### PROBLEM DETAILS
For each line below that contains the word "thesis", return that line.

### DATA EXTRACT
──────────────────────────────

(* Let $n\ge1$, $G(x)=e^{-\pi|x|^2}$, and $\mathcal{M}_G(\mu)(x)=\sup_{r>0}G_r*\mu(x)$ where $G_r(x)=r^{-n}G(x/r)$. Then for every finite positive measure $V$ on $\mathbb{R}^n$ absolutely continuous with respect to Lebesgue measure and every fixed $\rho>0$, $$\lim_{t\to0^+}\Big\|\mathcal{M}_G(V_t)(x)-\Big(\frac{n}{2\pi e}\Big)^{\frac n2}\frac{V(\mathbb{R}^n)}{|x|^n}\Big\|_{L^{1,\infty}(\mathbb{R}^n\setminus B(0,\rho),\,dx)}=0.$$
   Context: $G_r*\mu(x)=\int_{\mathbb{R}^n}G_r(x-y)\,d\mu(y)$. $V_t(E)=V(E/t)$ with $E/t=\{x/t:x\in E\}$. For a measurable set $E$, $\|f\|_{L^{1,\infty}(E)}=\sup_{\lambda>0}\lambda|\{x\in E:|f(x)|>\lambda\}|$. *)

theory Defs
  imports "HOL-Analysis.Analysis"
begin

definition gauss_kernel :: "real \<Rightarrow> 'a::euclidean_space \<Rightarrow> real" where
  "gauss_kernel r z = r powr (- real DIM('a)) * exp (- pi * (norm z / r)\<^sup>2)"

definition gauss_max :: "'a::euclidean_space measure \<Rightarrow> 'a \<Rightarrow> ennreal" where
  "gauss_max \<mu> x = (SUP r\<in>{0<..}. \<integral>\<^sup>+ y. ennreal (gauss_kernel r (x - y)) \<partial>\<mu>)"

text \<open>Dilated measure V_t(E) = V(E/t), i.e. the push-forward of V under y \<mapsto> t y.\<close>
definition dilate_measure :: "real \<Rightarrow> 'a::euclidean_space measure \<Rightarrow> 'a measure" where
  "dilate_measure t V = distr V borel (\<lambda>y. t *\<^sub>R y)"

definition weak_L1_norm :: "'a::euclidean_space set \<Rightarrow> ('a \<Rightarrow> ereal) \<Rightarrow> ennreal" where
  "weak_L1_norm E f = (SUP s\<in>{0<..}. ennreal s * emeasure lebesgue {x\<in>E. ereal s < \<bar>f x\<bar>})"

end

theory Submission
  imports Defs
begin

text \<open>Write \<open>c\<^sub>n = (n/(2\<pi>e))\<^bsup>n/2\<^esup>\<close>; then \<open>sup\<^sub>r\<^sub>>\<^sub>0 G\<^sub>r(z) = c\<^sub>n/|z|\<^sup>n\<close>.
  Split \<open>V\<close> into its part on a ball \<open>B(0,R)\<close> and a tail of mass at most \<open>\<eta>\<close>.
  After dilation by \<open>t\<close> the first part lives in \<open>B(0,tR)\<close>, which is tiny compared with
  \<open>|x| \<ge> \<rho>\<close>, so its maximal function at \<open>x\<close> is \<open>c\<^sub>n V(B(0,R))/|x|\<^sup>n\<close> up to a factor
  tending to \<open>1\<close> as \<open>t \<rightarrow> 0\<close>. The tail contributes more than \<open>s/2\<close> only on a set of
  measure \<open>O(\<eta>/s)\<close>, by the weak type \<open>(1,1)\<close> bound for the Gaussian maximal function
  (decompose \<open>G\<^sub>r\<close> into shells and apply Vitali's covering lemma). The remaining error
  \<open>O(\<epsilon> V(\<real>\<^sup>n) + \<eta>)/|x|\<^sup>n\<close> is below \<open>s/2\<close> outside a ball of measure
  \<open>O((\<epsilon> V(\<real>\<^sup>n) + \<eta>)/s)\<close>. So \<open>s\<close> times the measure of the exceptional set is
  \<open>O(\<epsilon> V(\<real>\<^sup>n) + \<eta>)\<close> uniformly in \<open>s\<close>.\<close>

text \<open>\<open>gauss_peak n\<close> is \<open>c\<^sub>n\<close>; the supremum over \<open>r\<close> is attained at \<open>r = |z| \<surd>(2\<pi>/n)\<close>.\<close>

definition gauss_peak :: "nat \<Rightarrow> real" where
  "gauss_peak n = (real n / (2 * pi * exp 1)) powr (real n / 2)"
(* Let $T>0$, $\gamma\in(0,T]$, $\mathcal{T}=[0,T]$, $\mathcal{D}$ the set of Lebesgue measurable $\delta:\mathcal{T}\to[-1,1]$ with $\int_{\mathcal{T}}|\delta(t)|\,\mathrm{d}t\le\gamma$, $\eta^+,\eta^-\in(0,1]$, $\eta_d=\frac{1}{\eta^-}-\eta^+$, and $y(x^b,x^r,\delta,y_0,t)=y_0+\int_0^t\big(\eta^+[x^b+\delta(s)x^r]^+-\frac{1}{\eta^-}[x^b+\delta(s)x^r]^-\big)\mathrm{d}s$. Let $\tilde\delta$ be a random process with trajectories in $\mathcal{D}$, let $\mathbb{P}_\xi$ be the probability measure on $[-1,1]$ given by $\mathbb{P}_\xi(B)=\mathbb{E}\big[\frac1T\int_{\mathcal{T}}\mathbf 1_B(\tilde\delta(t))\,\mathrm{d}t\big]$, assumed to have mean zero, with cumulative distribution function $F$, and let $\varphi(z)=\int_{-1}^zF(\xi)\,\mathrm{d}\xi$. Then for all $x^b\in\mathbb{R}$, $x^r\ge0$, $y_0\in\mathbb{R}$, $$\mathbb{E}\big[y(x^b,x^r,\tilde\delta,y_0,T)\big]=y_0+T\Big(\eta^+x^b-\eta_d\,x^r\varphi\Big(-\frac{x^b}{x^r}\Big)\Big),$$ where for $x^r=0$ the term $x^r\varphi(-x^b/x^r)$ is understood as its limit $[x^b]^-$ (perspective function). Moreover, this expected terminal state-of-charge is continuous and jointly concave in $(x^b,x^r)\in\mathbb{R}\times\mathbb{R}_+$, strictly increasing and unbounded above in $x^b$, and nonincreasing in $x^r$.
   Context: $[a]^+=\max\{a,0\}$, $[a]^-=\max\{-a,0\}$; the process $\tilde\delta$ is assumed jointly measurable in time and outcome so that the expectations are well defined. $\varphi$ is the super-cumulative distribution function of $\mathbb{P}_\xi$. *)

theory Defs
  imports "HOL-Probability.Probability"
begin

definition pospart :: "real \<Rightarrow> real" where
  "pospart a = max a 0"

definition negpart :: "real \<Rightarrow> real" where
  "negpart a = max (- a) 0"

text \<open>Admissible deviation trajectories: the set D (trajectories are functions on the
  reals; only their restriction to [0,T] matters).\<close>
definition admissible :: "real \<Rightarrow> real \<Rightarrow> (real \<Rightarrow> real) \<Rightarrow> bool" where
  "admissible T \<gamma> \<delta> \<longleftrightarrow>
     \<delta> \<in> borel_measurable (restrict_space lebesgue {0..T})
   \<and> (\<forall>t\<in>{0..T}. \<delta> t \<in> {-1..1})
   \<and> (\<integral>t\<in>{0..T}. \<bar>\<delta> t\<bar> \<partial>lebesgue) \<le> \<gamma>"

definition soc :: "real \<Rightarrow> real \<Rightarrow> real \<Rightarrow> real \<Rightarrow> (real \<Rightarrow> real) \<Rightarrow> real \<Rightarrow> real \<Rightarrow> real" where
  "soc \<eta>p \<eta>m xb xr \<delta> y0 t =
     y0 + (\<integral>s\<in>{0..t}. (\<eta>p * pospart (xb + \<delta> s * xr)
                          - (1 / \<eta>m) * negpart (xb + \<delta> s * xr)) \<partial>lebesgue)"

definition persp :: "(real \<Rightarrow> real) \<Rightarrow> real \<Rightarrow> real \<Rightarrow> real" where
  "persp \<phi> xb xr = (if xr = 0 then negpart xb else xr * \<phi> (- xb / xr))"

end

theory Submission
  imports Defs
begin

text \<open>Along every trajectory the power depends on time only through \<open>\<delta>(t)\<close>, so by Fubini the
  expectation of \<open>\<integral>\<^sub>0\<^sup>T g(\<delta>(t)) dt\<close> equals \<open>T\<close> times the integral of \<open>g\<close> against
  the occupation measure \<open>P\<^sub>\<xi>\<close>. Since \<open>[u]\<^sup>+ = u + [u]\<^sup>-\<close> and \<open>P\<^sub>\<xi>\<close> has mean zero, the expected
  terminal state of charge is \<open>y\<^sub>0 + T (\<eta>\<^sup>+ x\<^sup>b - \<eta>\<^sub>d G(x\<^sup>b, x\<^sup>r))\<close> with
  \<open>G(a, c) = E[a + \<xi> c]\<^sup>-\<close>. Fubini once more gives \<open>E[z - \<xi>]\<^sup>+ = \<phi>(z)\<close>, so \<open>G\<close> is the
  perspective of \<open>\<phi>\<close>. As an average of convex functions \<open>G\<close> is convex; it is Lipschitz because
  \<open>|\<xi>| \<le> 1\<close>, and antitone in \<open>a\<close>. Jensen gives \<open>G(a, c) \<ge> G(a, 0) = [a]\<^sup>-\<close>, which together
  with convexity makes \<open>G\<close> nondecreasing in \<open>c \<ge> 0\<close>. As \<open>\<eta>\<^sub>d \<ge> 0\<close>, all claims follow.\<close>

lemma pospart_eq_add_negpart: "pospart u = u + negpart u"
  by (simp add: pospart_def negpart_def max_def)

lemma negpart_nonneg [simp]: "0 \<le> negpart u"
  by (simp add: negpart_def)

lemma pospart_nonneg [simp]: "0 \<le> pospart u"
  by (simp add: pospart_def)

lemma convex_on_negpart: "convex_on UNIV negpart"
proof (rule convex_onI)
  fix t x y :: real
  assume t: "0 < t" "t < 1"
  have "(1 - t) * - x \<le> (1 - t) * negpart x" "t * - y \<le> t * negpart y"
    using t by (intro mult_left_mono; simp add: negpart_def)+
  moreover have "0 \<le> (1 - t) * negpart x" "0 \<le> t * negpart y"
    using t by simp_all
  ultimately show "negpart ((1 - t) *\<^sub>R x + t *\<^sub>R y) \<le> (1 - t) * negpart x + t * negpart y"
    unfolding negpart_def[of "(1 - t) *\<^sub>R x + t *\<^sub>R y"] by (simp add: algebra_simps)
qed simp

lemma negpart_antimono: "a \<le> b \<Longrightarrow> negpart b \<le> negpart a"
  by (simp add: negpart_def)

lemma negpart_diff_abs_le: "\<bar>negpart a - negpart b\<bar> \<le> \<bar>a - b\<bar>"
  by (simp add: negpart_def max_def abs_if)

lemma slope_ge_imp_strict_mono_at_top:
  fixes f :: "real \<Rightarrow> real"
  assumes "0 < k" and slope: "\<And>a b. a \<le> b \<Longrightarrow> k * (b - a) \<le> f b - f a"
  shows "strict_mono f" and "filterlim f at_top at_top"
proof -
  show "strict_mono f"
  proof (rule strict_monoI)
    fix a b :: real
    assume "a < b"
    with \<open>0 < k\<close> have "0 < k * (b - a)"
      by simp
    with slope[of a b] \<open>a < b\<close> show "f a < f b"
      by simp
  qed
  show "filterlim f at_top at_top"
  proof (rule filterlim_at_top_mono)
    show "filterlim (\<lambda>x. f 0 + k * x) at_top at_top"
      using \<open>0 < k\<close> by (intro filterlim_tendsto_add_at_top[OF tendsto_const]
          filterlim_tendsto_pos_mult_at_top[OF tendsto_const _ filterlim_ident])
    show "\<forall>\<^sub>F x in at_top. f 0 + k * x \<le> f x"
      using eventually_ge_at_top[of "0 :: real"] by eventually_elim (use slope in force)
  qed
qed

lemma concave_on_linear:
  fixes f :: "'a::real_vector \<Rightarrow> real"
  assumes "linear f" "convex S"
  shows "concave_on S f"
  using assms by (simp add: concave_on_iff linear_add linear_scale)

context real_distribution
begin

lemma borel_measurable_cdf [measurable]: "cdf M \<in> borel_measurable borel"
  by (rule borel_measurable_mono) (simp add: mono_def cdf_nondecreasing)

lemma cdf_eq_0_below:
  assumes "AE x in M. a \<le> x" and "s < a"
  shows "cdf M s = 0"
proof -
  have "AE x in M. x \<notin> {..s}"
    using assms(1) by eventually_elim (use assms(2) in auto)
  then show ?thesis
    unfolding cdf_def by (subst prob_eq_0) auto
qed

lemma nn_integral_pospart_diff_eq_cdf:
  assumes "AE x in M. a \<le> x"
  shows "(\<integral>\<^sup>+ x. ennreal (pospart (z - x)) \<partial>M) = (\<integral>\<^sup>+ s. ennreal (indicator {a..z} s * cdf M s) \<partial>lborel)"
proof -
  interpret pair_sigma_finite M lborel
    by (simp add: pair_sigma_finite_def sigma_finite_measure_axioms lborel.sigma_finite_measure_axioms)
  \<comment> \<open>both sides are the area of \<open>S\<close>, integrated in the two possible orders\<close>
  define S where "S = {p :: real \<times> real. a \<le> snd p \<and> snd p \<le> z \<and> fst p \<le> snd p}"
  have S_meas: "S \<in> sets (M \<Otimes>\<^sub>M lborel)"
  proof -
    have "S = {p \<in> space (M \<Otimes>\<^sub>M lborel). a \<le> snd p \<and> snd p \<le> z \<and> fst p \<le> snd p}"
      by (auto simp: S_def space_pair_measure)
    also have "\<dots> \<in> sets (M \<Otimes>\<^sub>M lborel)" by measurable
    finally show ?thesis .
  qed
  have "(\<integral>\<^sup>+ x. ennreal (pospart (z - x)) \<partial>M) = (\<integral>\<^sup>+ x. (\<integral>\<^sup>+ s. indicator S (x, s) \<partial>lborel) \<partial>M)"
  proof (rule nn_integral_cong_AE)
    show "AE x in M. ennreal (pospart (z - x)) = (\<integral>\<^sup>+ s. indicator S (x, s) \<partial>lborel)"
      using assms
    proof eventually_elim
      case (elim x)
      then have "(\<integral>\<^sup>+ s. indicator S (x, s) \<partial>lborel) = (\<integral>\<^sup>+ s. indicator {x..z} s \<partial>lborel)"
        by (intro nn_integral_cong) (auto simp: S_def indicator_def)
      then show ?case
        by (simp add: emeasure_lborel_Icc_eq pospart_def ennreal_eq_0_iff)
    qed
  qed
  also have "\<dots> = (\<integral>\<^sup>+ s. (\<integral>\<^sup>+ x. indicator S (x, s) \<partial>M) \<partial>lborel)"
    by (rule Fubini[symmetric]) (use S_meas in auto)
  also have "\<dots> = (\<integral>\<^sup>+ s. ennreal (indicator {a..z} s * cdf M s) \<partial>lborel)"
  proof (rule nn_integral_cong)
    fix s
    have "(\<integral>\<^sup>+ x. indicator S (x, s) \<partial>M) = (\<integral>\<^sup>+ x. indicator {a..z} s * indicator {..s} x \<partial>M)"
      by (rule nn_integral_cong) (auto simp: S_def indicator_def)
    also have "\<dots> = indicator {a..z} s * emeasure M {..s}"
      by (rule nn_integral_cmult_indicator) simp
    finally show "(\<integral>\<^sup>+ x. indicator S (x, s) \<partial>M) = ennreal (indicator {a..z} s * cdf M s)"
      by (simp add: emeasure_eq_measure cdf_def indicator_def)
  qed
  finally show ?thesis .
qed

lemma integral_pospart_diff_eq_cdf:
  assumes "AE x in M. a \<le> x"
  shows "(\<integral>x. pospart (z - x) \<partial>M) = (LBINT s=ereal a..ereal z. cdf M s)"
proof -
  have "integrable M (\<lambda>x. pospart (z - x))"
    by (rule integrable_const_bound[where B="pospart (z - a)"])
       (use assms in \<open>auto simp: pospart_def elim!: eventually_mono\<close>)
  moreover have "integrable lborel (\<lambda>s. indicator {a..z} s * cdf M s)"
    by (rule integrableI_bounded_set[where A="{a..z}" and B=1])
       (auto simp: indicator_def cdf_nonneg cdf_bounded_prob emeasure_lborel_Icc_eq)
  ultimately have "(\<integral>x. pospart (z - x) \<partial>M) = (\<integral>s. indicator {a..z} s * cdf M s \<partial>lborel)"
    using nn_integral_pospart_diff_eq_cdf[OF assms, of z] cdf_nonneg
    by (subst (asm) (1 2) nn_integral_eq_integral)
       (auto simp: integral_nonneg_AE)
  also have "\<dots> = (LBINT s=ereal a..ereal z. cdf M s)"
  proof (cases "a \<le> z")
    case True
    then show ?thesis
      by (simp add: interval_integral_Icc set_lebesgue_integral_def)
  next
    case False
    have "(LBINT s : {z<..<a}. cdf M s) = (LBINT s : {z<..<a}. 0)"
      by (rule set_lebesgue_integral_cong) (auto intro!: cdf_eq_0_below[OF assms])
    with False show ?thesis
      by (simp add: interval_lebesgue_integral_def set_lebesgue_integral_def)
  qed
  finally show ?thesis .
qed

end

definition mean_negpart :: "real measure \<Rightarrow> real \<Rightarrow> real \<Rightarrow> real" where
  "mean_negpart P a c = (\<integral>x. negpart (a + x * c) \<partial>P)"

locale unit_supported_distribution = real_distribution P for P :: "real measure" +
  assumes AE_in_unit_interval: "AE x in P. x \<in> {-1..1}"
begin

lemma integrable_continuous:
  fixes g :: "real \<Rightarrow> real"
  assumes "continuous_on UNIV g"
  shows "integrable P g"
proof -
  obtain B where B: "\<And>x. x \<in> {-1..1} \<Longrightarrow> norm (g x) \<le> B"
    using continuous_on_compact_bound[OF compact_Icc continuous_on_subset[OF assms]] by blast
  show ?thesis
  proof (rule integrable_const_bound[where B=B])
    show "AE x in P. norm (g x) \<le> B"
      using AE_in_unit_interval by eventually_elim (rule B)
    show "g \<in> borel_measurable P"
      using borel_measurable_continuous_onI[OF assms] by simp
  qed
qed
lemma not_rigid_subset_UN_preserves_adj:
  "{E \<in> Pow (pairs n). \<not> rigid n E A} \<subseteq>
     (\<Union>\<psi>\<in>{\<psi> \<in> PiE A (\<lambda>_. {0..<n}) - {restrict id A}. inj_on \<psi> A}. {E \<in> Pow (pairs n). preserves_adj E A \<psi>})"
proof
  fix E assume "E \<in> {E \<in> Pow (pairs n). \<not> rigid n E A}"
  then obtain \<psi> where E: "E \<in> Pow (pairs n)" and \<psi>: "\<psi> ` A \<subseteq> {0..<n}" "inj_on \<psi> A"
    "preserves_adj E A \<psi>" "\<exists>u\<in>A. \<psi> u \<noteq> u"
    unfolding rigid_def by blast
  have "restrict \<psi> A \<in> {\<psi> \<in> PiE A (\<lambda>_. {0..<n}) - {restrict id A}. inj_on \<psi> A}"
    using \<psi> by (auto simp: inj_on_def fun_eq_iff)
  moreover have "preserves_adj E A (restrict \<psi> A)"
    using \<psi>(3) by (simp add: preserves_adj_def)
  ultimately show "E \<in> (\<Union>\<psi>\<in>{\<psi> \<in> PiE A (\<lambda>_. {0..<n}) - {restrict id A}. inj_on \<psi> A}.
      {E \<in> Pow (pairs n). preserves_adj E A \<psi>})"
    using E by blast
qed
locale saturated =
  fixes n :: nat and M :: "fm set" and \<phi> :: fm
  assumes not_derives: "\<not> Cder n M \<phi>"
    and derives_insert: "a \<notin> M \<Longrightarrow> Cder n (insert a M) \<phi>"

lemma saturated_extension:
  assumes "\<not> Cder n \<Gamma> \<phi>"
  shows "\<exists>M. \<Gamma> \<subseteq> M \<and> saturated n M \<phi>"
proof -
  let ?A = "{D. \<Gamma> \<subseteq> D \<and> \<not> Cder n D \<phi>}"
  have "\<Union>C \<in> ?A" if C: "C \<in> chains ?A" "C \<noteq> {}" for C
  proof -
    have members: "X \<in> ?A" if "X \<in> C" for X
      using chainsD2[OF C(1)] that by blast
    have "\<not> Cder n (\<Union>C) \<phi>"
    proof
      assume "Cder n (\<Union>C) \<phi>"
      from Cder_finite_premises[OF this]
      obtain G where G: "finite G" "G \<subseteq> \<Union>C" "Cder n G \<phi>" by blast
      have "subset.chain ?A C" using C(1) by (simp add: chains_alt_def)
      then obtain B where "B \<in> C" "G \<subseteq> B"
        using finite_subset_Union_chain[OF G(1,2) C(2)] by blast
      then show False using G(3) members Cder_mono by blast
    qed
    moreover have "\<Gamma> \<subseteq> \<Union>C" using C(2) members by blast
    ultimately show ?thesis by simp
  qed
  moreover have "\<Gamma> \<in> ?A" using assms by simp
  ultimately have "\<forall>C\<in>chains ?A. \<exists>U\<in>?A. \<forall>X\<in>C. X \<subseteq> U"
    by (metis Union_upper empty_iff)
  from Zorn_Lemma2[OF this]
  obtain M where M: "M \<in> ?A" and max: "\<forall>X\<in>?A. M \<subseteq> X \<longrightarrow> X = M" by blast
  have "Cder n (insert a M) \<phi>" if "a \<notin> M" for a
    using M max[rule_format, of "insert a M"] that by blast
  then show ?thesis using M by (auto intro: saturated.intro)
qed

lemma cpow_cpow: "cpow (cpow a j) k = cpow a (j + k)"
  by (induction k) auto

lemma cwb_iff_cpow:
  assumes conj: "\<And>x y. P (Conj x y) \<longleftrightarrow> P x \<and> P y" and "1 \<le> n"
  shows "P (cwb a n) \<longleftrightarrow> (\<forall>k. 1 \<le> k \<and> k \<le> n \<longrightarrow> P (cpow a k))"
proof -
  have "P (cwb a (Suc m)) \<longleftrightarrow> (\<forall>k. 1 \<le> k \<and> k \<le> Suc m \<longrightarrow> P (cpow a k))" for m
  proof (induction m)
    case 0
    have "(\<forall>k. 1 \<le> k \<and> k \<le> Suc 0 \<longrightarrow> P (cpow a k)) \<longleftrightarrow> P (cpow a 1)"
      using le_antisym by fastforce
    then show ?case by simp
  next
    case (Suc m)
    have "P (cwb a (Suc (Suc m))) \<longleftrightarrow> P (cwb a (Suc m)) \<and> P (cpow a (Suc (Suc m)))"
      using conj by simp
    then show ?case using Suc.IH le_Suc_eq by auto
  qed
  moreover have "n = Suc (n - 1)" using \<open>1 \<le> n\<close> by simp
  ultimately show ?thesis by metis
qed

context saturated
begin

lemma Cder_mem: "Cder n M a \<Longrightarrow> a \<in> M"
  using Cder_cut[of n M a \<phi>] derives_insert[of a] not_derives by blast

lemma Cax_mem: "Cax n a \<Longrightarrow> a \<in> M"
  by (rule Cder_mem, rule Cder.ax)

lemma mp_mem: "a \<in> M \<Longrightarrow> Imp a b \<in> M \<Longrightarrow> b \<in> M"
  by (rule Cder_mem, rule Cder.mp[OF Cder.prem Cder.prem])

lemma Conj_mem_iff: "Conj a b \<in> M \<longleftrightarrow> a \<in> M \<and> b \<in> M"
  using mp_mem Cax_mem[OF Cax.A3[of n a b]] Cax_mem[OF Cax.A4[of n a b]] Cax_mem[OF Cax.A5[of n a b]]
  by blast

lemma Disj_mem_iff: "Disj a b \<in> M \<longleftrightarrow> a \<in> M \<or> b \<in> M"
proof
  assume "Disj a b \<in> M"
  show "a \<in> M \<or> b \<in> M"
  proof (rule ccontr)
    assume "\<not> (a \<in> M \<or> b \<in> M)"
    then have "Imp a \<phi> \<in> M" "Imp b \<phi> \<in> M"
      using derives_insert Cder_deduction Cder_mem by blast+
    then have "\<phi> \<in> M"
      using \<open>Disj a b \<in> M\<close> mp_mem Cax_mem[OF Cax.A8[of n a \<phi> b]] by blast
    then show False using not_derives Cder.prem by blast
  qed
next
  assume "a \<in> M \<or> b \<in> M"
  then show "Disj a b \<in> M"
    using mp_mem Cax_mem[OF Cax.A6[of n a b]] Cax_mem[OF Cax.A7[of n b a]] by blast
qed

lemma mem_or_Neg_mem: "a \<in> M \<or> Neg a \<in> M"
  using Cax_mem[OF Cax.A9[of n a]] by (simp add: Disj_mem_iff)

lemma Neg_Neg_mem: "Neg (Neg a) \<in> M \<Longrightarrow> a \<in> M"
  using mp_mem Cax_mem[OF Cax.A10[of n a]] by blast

──────────────────────────────

### TASK RESULT
  then show ?thesis
    finally show ?thesis .
  finally show ?thesis .
    then show ?thesis
    with False show ?thesis
  finally show ?thesis .
  show ?thesis
    ultimately show ?thesis by simp
  then show ?thesis using M by (auto intro: saturated.intro)
  ultimately show ?thesis by metis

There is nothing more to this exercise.